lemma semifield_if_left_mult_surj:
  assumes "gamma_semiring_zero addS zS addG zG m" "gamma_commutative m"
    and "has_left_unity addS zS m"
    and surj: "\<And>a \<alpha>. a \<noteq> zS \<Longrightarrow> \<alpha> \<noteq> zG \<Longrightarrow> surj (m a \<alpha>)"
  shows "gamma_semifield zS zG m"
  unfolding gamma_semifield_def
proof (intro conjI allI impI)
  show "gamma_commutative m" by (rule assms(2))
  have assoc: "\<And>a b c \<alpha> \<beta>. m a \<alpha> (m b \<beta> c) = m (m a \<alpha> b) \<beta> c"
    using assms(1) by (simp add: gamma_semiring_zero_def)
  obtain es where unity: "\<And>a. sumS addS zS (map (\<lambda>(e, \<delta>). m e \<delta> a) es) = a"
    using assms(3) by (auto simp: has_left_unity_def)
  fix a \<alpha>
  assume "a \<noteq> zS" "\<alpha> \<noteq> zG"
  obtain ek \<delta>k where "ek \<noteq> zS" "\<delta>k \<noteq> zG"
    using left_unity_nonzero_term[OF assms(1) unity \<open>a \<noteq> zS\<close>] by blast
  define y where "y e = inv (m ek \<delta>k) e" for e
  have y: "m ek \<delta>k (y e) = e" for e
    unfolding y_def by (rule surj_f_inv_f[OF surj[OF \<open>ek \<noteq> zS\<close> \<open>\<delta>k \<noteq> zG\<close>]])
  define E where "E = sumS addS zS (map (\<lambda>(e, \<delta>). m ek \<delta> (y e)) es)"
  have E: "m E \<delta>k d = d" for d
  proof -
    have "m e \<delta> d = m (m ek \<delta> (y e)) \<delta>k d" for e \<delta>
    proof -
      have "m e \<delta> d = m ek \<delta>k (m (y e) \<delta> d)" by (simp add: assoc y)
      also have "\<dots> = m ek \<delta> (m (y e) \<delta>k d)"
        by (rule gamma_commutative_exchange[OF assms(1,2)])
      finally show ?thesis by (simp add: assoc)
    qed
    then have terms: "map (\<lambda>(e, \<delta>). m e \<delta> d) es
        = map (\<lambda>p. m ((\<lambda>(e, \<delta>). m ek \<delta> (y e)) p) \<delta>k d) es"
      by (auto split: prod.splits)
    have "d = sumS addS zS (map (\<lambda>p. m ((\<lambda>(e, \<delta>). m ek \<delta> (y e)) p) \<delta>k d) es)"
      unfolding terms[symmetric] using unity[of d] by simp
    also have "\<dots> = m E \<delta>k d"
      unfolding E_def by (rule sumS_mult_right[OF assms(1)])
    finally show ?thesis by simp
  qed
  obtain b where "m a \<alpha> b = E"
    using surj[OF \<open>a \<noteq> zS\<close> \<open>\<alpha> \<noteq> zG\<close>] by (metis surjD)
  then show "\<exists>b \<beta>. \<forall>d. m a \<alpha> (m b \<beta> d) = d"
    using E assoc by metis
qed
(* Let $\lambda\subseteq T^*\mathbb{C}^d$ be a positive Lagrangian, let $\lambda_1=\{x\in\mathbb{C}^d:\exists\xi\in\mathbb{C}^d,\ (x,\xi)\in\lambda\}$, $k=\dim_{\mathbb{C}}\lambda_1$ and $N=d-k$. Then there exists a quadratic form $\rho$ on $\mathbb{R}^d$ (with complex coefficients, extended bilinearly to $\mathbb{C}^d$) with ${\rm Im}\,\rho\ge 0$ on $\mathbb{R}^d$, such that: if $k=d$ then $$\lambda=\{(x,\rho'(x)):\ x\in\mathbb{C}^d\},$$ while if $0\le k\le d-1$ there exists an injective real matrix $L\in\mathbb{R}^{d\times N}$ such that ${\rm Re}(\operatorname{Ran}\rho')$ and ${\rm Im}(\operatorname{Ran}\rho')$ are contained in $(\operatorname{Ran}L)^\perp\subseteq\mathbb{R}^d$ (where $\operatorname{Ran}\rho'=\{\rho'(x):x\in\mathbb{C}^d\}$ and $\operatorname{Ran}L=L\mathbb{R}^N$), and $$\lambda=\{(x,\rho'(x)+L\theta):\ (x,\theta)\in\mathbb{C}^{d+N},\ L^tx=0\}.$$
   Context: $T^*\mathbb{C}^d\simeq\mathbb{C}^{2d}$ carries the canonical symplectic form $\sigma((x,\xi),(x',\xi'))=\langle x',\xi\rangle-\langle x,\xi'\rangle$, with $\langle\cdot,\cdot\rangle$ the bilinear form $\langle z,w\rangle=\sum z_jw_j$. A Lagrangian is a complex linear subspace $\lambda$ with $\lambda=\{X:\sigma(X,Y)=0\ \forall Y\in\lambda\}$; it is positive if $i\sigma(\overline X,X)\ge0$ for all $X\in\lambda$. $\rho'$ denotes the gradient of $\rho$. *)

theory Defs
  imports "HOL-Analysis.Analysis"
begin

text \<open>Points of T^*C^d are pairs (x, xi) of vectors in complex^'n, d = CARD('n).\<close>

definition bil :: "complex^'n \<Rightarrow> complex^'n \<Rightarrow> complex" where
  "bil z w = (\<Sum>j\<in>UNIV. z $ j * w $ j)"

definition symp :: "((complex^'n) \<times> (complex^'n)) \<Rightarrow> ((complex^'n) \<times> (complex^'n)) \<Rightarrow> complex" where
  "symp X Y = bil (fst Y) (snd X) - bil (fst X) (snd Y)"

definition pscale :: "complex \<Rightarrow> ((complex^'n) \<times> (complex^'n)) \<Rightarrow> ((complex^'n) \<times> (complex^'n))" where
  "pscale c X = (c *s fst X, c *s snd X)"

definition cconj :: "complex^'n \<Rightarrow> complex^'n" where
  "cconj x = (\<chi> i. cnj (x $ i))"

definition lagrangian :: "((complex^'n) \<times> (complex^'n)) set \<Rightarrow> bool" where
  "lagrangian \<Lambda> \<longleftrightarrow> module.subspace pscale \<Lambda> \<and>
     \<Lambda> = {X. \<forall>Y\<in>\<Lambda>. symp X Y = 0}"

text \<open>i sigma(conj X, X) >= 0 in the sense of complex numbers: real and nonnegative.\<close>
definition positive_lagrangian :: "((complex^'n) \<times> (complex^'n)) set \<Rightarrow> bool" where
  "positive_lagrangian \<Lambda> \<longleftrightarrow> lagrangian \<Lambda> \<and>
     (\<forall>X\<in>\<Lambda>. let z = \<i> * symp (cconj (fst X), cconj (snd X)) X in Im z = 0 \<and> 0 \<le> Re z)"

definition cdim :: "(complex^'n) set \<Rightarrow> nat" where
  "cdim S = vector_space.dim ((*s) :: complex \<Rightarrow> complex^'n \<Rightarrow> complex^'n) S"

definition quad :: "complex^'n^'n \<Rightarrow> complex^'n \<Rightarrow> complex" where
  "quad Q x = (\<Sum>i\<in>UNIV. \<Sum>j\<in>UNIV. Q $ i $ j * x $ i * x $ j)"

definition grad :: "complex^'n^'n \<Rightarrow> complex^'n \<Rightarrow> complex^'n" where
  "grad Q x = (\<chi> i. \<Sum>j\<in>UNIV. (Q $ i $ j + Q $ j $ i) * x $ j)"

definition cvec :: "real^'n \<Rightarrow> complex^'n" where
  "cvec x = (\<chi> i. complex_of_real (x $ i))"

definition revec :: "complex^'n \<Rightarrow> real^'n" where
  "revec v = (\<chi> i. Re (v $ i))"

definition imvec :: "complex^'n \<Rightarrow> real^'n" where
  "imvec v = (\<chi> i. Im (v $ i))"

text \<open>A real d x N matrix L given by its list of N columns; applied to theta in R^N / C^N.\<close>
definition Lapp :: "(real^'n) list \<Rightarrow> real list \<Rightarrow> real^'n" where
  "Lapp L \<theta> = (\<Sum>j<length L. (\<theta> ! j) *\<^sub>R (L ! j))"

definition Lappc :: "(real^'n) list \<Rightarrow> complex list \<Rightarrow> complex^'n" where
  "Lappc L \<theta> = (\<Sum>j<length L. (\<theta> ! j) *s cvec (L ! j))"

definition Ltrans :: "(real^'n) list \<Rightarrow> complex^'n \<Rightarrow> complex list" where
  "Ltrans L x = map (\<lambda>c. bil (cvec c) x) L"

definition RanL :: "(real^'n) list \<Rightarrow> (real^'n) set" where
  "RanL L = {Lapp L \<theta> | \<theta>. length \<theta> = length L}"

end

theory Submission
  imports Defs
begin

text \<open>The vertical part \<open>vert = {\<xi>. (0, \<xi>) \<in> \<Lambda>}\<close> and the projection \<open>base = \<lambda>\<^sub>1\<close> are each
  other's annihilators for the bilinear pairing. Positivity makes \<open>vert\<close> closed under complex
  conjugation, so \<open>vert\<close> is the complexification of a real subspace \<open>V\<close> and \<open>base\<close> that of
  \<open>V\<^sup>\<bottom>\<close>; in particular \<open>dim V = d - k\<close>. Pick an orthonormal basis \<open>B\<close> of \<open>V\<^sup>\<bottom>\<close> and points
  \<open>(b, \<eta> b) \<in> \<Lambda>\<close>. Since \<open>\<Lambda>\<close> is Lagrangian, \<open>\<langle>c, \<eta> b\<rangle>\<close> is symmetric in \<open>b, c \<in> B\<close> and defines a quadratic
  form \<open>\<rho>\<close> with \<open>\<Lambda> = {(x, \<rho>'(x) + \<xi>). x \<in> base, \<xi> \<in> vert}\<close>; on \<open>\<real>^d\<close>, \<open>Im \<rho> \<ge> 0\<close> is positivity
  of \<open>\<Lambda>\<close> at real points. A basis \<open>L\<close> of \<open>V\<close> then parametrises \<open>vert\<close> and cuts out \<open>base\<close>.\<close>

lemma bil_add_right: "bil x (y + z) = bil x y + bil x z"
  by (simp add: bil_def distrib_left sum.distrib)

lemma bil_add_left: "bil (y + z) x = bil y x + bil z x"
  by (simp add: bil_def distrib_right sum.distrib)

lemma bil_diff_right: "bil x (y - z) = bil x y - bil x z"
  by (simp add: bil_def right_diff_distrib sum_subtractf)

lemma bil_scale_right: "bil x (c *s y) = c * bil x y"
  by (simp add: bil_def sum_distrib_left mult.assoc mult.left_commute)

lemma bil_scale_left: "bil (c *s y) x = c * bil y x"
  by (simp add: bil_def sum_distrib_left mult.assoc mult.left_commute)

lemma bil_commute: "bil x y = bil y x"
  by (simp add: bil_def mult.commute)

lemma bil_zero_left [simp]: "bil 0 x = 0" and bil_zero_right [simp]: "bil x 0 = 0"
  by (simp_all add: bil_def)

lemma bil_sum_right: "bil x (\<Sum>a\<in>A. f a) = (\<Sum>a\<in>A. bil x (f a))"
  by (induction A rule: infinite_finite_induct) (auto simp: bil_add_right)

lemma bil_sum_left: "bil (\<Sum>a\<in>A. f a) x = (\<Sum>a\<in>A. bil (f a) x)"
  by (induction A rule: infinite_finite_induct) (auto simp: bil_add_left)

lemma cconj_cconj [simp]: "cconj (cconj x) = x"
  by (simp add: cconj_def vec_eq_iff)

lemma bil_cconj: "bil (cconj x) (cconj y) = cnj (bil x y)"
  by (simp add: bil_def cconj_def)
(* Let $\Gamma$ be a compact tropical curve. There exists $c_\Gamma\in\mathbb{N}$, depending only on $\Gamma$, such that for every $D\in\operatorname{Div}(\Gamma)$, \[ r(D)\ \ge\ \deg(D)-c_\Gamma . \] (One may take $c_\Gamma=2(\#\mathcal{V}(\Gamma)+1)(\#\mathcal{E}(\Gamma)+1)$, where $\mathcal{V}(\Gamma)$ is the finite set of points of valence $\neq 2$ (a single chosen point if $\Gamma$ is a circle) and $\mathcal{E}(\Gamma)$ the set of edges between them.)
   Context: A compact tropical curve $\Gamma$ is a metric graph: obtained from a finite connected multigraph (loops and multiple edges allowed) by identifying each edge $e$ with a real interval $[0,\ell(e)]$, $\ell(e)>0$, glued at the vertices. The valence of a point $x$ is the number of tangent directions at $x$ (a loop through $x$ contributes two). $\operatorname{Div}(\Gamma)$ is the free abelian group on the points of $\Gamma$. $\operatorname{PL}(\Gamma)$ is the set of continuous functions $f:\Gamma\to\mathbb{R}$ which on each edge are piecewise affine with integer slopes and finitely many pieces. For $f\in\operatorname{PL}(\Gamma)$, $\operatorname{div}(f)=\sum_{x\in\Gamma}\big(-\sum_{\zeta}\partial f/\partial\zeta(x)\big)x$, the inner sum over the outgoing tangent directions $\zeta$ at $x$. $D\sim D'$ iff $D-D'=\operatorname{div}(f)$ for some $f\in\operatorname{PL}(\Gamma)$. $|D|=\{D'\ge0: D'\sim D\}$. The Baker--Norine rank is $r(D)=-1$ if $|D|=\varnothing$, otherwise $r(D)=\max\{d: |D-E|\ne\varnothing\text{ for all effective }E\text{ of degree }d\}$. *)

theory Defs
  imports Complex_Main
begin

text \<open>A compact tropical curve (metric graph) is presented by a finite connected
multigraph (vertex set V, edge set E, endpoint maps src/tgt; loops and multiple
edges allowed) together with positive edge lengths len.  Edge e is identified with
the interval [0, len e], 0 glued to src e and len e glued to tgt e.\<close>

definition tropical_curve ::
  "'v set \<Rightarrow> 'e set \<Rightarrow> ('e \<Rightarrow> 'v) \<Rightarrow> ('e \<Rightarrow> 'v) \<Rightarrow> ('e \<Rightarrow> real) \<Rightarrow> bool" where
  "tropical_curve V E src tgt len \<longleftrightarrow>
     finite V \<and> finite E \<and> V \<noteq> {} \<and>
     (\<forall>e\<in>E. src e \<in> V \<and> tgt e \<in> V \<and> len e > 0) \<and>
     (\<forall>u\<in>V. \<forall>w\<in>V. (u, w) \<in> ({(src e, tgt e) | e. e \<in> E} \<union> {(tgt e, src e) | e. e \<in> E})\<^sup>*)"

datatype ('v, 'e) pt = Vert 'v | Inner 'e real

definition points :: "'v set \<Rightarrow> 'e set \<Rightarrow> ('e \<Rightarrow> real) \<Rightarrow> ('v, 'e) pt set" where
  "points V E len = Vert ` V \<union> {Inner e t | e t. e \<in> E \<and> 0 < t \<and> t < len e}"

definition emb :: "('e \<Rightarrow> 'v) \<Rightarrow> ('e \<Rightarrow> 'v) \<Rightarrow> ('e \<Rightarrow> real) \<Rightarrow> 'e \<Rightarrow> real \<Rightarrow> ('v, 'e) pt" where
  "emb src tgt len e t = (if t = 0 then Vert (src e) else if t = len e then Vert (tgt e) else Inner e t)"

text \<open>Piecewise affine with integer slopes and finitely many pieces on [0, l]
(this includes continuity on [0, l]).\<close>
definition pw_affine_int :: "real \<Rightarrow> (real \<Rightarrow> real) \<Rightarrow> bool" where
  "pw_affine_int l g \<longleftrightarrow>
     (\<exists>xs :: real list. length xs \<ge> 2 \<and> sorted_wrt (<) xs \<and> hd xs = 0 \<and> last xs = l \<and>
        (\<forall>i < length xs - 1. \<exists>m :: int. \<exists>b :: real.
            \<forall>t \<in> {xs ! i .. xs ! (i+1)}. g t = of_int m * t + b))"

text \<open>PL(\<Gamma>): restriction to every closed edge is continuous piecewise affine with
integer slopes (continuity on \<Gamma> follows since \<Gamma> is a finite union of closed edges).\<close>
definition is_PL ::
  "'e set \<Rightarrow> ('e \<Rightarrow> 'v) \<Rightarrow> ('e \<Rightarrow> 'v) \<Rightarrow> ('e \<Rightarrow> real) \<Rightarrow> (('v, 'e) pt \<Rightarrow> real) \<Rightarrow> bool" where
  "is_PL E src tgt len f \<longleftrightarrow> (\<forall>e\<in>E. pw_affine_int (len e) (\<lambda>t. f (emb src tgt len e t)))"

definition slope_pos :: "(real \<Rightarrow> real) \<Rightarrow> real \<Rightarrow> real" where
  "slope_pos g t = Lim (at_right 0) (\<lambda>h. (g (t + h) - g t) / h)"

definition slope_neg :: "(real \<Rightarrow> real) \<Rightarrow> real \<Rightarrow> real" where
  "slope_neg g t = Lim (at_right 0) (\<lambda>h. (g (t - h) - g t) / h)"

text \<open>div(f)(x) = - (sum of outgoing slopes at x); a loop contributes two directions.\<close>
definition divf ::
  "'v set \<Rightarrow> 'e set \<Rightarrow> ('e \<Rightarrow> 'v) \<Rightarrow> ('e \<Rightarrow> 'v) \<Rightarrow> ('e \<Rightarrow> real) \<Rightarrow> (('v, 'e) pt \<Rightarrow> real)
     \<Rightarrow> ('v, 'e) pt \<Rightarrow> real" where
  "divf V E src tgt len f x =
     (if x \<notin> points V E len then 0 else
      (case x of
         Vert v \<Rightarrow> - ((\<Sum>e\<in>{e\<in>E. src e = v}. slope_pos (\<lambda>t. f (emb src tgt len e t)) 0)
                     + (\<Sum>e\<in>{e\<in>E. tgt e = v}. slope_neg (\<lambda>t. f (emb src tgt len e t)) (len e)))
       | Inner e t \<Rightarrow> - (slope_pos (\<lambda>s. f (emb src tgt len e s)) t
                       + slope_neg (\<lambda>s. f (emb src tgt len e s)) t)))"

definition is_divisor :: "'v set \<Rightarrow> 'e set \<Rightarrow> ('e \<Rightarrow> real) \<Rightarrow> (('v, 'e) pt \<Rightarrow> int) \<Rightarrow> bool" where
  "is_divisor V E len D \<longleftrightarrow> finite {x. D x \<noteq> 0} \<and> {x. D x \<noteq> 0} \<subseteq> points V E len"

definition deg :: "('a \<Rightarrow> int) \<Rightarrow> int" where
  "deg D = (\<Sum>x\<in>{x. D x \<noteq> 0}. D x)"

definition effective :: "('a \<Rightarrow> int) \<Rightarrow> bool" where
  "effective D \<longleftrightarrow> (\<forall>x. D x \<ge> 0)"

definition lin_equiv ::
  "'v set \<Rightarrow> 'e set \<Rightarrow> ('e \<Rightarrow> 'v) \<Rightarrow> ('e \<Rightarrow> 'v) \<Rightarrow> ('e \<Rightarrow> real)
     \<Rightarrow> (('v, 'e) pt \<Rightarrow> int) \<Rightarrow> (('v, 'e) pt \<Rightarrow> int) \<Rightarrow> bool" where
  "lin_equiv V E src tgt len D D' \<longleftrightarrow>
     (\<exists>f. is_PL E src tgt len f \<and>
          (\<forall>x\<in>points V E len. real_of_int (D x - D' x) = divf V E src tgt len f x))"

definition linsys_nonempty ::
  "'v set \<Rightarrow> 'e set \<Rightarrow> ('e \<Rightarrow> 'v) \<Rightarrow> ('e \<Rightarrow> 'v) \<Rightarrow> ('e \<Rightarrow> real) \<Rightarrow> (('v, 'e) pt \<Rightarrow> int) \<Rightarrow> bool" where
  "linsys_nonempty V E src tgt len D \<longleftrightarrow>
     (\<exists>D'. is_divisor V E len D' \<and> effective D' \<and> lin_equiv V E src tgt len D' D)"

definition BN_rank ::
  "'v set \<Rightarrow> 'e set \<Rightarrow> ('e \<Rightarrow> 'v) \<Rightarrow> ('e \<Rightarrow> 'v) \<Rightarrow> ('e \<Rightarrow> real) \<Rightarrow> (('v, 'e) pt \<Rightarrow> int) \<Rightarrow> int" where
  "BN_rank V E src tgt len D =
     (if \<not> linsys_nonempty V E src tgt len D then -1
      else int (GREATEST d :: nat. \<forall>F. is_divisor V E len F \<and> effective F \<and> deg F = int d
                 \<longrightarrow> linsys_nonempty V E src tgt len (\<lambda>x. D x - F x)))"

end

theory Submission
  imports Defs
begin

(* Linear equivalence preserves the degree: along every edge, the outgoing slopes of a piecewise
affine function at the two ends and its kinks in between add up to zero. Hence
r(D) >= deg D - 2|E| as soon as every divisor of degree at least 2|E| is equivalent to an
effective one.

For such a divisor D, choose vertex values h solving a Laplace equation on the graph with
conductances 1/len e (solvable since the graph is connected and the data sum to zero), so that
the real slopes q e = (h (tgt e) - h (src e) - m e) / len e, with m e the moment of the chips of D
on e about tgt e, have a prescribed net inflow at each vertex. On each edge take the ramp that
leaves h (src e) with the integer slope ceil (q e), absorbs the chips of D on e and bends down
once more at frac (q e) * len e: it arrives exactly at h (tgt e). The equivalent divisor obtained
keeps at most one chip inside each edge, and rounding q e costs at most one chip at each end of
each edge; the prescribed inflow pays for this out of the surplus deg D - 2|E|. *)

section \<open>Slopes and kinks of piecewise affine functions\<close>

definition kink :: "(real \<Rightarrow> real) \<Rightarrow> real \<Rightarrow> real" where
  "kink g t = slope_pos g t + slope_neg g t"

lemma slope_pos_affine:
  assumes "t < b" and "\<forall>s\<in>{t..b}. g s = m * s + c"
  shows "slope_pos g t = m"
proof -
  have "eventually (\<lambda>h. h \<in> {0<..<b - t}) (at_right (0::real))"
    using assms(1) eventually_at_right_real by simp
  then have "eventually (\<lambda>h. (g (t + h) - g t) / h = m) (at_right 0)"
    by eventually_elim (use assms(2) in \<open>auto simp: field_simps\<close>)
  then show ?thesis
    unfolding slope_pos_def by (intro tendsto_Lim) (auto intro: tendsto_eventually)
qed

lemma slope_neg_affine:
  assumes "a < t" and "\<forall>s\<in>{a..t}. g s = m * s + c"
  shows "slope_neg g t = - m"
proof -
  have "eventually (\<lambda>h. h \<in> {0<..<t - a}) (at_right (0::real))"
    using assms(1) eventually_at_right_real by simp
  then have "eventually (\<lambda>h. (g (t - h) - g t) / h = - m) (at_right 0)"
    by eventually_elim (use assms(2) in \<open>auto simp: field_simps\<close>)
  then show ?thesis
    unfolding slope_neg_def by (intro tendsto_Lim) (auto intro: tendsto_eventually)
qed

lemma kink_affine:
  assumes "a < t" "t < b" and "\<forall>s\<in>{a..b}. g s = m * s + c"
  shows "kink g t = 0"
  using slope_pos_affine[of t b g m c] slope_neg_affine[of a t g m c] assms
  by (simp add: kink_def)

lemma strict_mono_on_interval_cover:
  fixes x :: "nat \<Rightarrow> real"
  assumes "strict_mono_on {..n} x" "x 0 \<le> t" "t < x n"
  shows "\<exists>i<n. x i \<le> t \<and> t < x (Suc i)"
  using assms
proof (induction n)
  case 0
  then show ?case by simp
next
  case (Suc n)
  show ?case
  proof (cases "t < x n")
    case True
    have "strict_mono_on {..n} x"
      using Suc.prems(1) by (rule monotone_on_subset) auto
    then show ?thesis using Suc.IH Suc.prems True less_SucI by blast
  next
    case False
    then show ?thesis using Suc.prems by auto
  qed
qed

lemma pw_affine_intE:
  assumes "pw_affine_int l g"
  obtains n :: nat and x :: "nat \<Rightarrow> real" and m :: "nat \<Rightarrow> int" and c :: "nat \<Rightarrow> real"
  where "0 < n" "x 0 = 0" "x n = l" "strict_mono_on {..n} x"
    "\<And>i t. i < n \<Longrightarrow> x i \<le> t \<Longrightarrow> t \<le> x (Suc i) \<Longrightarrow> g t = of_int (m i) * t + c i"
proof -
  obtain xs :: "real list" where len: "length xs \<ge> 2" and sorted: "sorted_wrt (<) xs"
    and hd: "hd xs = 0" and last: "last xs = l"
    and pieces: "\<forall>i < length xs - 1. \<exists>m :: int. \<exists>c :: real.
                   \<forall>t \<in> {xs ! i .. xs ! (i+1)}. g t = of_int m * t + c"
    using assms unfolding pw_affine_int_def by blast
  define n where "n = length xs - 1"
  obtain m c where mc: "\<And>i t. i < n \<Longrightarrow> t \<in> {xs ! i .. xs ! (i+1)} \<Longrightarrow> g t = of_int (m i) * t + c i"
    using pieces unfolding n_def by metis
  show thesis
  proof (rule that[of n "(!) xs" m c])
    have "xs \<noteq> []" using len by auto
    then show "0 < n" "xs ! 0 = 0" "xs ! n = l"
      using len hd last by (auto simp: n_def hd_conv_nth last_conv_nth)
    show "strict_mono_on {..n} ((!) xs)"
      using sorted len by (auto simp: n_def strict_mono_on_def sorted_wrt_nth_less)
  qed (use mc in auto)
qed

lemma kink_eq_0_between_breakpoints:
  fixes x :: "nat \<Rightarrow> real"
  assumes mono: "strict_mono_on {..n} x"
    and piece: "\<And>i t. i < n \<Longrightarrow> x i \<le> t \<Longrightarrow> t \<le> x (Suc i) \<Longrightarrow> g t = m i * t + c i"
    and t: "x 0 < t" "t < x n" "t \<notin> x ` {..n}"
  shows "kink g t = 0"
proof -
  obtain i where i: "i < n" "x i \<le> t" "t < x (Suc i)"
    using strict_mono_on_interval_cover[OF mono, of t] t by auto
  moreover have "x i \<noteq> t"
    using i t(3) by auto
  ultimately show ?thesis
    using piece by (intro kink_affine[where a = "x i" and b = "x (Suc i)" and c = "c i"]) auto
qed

++++++++++++++++++++

PROBLEM REQUIREMENTS ::
All lines from the opening of the listing above through the line that contains "by (rule assms(2))" should be given again exactly, and nothing more.

EXERCISE RESULT ::
lemma semifield_if_left_mult_surj:
  assumes "gamma_semiring_zero addS zS addG zG m" "gamma_commutative m"
    and "has_left_unity addS zS m"
    and surj: "\<And>a \<alpha>. a \<noteq> zS \<Longrightarrow> \<alpha> \<noteq> zG \<Longrightarrow> surj (m a \<alpha>)"
  shows "gamma_semifield zS zG m"
  unfolding gamma_semifield_def
proof (intro conjI allI impI)
  show "gamma_commutative m" by (rule assms(2))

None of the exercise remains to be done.